In late November, at the annual meeting of the Radiological Society of North America held in Chicago, Jurgen, Lutz, M.D., of Munich, Germany, presented the results of a study he and his team undertook. The researchers used diffusion tensor imaging (DTI) to track the movement of water molecules in patients’ brains. They found that individuals suffering from chronic low back pain had microstructural changes in their brains. The research suggests that chronic pain might be objectively demonstrated through DTI.
The December 14 issue of Nature included an article reporting the results of a study that focused on six individuals living in northern Pakistan that do not feel pain. The British-led research discovered that a mutated gene blocked sodium ions from passing through cellular membranes. Although these individuals do not feel pain, they perceive touch, warmth and cold, pressure, and other sensations. The discovery has the potential to lead to a new focus for developing pain medications.
An article on new technologies offer long-term alternatives to managing chronic pain was published on-line on Herald-dispatch.com. The article noted that one new procedure being used at St Mary’s Medical Center in Huntington, West Virginia, is spinal cord stimulation.
Prescription Drug Diversion
The December 6, 2006, issue of the Orlando Sentinel published an op-ed by Karen Tandy, Administrator of U.S. DEA. In it, she highlighted the case against Dr. Freddie Williams and noted the proposed regulations announced in September.
The Brigham Young University NewsNet website featured an article on OxyContin abuse. Although Utah’s abuse rate is low compared to other states, police statistics show that the abuse rate is growing, along with reported robberies from patients and pharmacists. An article in Florida’s Sun Sentinel in early December, as reported by the Los Angeles Times, opined that, because Florida lacks a system for tracking prescription drugs, it has become a haven for addicts and “pill mills.”

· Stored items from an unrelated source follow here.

(* Let $M$ be a tame paving matroid. Then $M$ is quasi-paving.
   Context: A matroid $M$ of rank $n$ is a paving matroid if every circuit has cardinality $n$ or $n+1$. A dependent hyperplane of $M$ is a maximal subset of the ground set of cardinality at least $n$ in which every $n$-element subset is a circuit. A paving matroid is tame if any three distinct dependent hyperplanes have empty intersection. Quasi-paving construction: given a positive integer $n\le d$ and a collection $\mathcal{H}=\{H_1,\ldots,H_k\}$ of subsets of $[d]$ any three of which have empty intersection, the matroid on $[d]$ whose circuits are: (Type 1) the $(n-1)$-element subsets contained in the intersection of two distinct members of $\mathcal{H}$; (Type 2) the $n$-element subsets of some $H_i$ containing no Type 1 set; (Type 3) the $(n+1)$-element subsets containing no Type 1 or Type 2 set. A matroid is called quasi-paving (more precisely $n$-quasi-paving) if its set of circuits arises from this construction for some such $\mathcal{H}$ and $n$; $\mathcal{H}$ is then called a representation of it. *)

theory Defs
  imports Main
begin

definition matroid_circuits :: "'a set \<Rightarrow> 'a set set \<Rightarrow> bool" where
  "matroid_circuits E C \<longleftrightarrow>
     finite E \<and> (\<forall>c\<in>C. c \<subseteq> E) \<and> {} \<notin> C \<and>
     (\<forall>c1\<in>C. \<forall>c2\<in>C. c1 \<subseteq> c2 \<longrightarrow> c1 = c2) \<and>
     (\<forall>c1\<in>C. \<forall>c2\<in>C. \<forall>e. c1 \<noteq> c2 \<and> e \<in> c1 \<inter> c2 \<longrightarrow>
        (\<exists>c3\<in>C. c3 \<subseteq> (c1 \<union> c2) - {e}))"

definition indep :: "'a set set \<Rightarrow> 'a set \<Rightarrow> bool" where
  "indep C I \<longleftrightarrow> \<not> (\<exists>c\<in>C. c \<subseteq> I)"

definition matroid_rank :: "'a set \<Rightarrow> 'a set set \<Rightarrow> nat" where
  "matroid_rank E C = Max {card I | I. I \<subseteq> E \<and> indep C I}"

definition paving :: "'a set \<Rightarrow> 'a set set \<Rightarrow> bool" where
  "paving E C \<longleftrightarrow>
     (\<forall>c\<in>C. card c = matroid_rank E C \<or> card c = matroid_rank E C + 1)"

definition dep_hyp_cand :: "'a set \<Rightarrow> 'a set set \<Rightarrow> 'a set \<Rightarrow> bool" where
  "dep_hyp_cand E C X \<longleftrightarrow>
     X \<subseteq> E \<and> card X \<ge> matroid_rank E C \<and>
     (\<forall>Y\<subseteq>X. card Y = matroid_rank E C \<longrightarrow> Y \<in> C)"

definition dependent_hyperplane :: "'a set \<Rightarrow> 'a set set \<Rightarrow> 'a set \<Rightarrow> bool" where
  "dependent_hyperplane E C X \<longleftrightarrow>
     dep_hyp_cand E C X \<and> (\<forall>Y. dep_hyp_cand E C Y \<and> X \<subseteq> Y \<longrightarrow> Y = X)"

definition tame_paving :: "'a set \<Rightarrow> 'a set set \<Rightarrow> bool" where
  "tame_paving E C \<longleftrightarrow> paving E C \<and>
     (\<forall>X Y Z. dependent_hyperplane E C X \<and> dependent_hyperplane E C Y \<and>
        dependent_hyperplane E C Z \<and> X \<noteq> Y \<and> X \<noteq> Z \<and> Y \<noteq> Z \<longrightarrow>
        X \<inter> Y \<inter> Z = {})"

definition qp_type1 :: "'a set \<Rightarrow> nat \<Rightarrow> 'a set set \<Rightarrow> 'a set set" where
  "qp_type1 E n H = {X. X \<subseteq> E \<and> card X = n - 1 \<and>
      (\<exists>Hi\<in>H. \<exists>Hj\<in>H. Hi \<noteq> Hj \<and> X \<subseteq> Hi \<inter> Hj)}"

definition qp_type2 :: "'a set \<Rightarrow> nat \<Rightarrow> 'a set set \<Rightarrow> 'a set set" where
  "qp_type2 E n H = {X. X \<subseteq> E \<and> card X = n \<and> (\<exists>Hi\<in>H. X \<subseteq> Hi) \<and>
      \<not> (\<exists>Y\<in>qp_type1 E n H. Y \<subseteq> X)}"

definition qp_type3 :: "'a set \<Rightarrow> nat \<Rightarrow> 'a set set \<Rightarrow> 'a set set" where
  "qp_type3 E n H = {X. X \<subseteq> E \<and> card X = n + 1 \<and>
      \<not> (\<exists>Y\<in>qp_type1 E n H \<union> qp_type2 E n H. Y \<subseteq> X)}"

Other Developments of Interest
The December 27 issue of the Journal of the American Medical Association carried a comment regarding the article that appeared in an earlier issue by Kenneth S. Boockvar and Diane E. Meier titled “Palliative Care for Frail Older Adults.” The same issue has an article discussing end-of-life care for homeless patients.

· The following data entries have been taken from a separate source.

lemma has_integral_flux_divergence:
  assumes no_flux: "(diffusion_flux w u.S (R *\<^sub>R e) - chi *\<^sub>R sensitivity_flux w W u.S (R *\<^sub>R e)) \<bullet> e = 0"
  shows "((\<lambda>s. s ^ (CARD('n) - 1) * (sdiv (diffusion_flux w u.S) u.S (s *\<^sub>R e)
      - chi * sdiv (sensitivity_flux w W u.S) u.S (s *\<^sub>R e))) has_integral 0) {0..R}"
proof -
  \<comment> \<open>The radial component of the total flux; it vanishes at \<open>0\<close> by symmetry and at \<open>R\<close> by assumption.\<close>
  define a where "a s = (diffusion_flux w u.S (s *\<^sub>R e) - chi *\<^sub>R sensitivity_flux w W u.S (s *\<^sub>R e)) \<bullet> e" for s
  have a: "a s = radial_diffusion_flux s - chi * radial_sensitivity_flux s" if "0 < s" "s < R" for s
    using inner_fluxes[OF that] by (simp add: a_def inner_diff_left)
  have "continuous_on {0..R} (\<lambda>s. diffusion_flux w u.S (s *\<^sub>R e))"
    "continuous_on {0..R} (\<lambda>s. sensitivity_flux w W u.S (s *\<^sub>R e))"
    using u.norm_e by (auto intro!: continuous_on_compose2[OF continuous_on_fluxes(1)]
        continuous_on_compose2[OF continuous_on_fluxes(2)] continuous_intros)
  then have a_cont: "continuous_on {0..R} a"
    unfolding a_def by (intro continuous_intros)
  have a0: "a 0 = 0"
    by (simp add: a_def diffusion_flux_def sensitivity_flux_def u.sgrad_zero v.sgrad_zero)
  have a_deriv: "(a has_real_derivative deriv radial_diffusion_flux s - chi * deriv radial_sensitivity_flux s) (at s)"
    if s: "0 < s" "s < R" for s
    using differentiable_radial_fluxes[OF s]
    unfolding DERIV_deriv_iff_real_differentiable[symmetric]
    by (intro has_field_derivative_transform_within_open[where S="{0<..<R}", OF _ _ _ a[symmetric]]
        derivative_intros DERIV_cmult) (use s in auto)
  have "((\<lambda>s. s ^ (CARD('n) - 1) * (sdiv (diffusion_flux w u.S) u.S (s *\<^sub>R e)
      - chi * sdiv (sensitivity_flux w W u.S) u.S (s *\<^sub>R e))) has_integral R ^ (CARD('n) - 1) * a R) {0..R}"
  proof (rule has_integral_radial_divergence[OF _ _ a_cont a0 a_deriv])
    fix s :: real
    assume s: "0 < s" "s < R"
    have "dA + k * A / s - chi * (dB + k * B / s) = dA - chi * dB + k * (A - chi * B) / s" for dA dB k A B
      using s by (simp add: field_simps)
    then show "s ^ (CARD('n) - 1) * (sdiv (diffusion_flux w u.S) u.S (s *\<^sub>R e)
        - chi * sdiv (sensitivity_flux w W u.S) u.S (s *\<^sub>R e))
      = s ^ (CARD('n) - 1) * (deriv radial_diffusion_flux s - chi * deriv radial_sensitivity_flux s
          + (real CARD('n) - 1) * a s / s)"
      unfolding sdiv_diffusion_flux[OF s] sdiv_sensitivity_flux[OF s] a[OF s] by (simp only:)
  qed (use u.R_pos in \<open>auto simp: Suc_leI\<close>)
  then show ?thesis
    using no_flux by (simp add: a_def)
qed
end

Pope Benedict XVI’s message to be given on February 11, the World Day of the Sick, will include an appeal for the promotion of palliative care for terminal patients. In his message, the Pope wrote: “The Church wishes to support the incurably and terminally ill by calling for just social policies which can help to eliminate the causes of many diseases and by urging improved care for the dying and those for whom no medical remedy is available.”
The request by a Florida hospice to partner with a funeral home to offer burial and cremation services for patients has sparked a controversy in the hospice and palliative care community.
The question of when and how treatment should be withdrawn in the emergency room was addressed in an article in the December issue of the Journal of the Society for Academic Emergency Medicine.
The Center to Advance Palliative Care issued a press release in early December that disclosed its analysis of the latest date released in the 2006 American Hospital Association Annual Survey of Hospitals. The analysis shows that there has been a five-year increase of 96% of the number of hospitals nationwide that provide palliative care programs.
In December, several newspapers reported that implantable defibrillators can interfere with a peaceful death. The article in the Washington Post noted that these devices, although saving the lives of many, can cause painful jolts and prolong suffering in the dying. Some doctors are reluctant to deactivate the implants, feeling that this would be tantamount to active intervention leading to a patient’s death.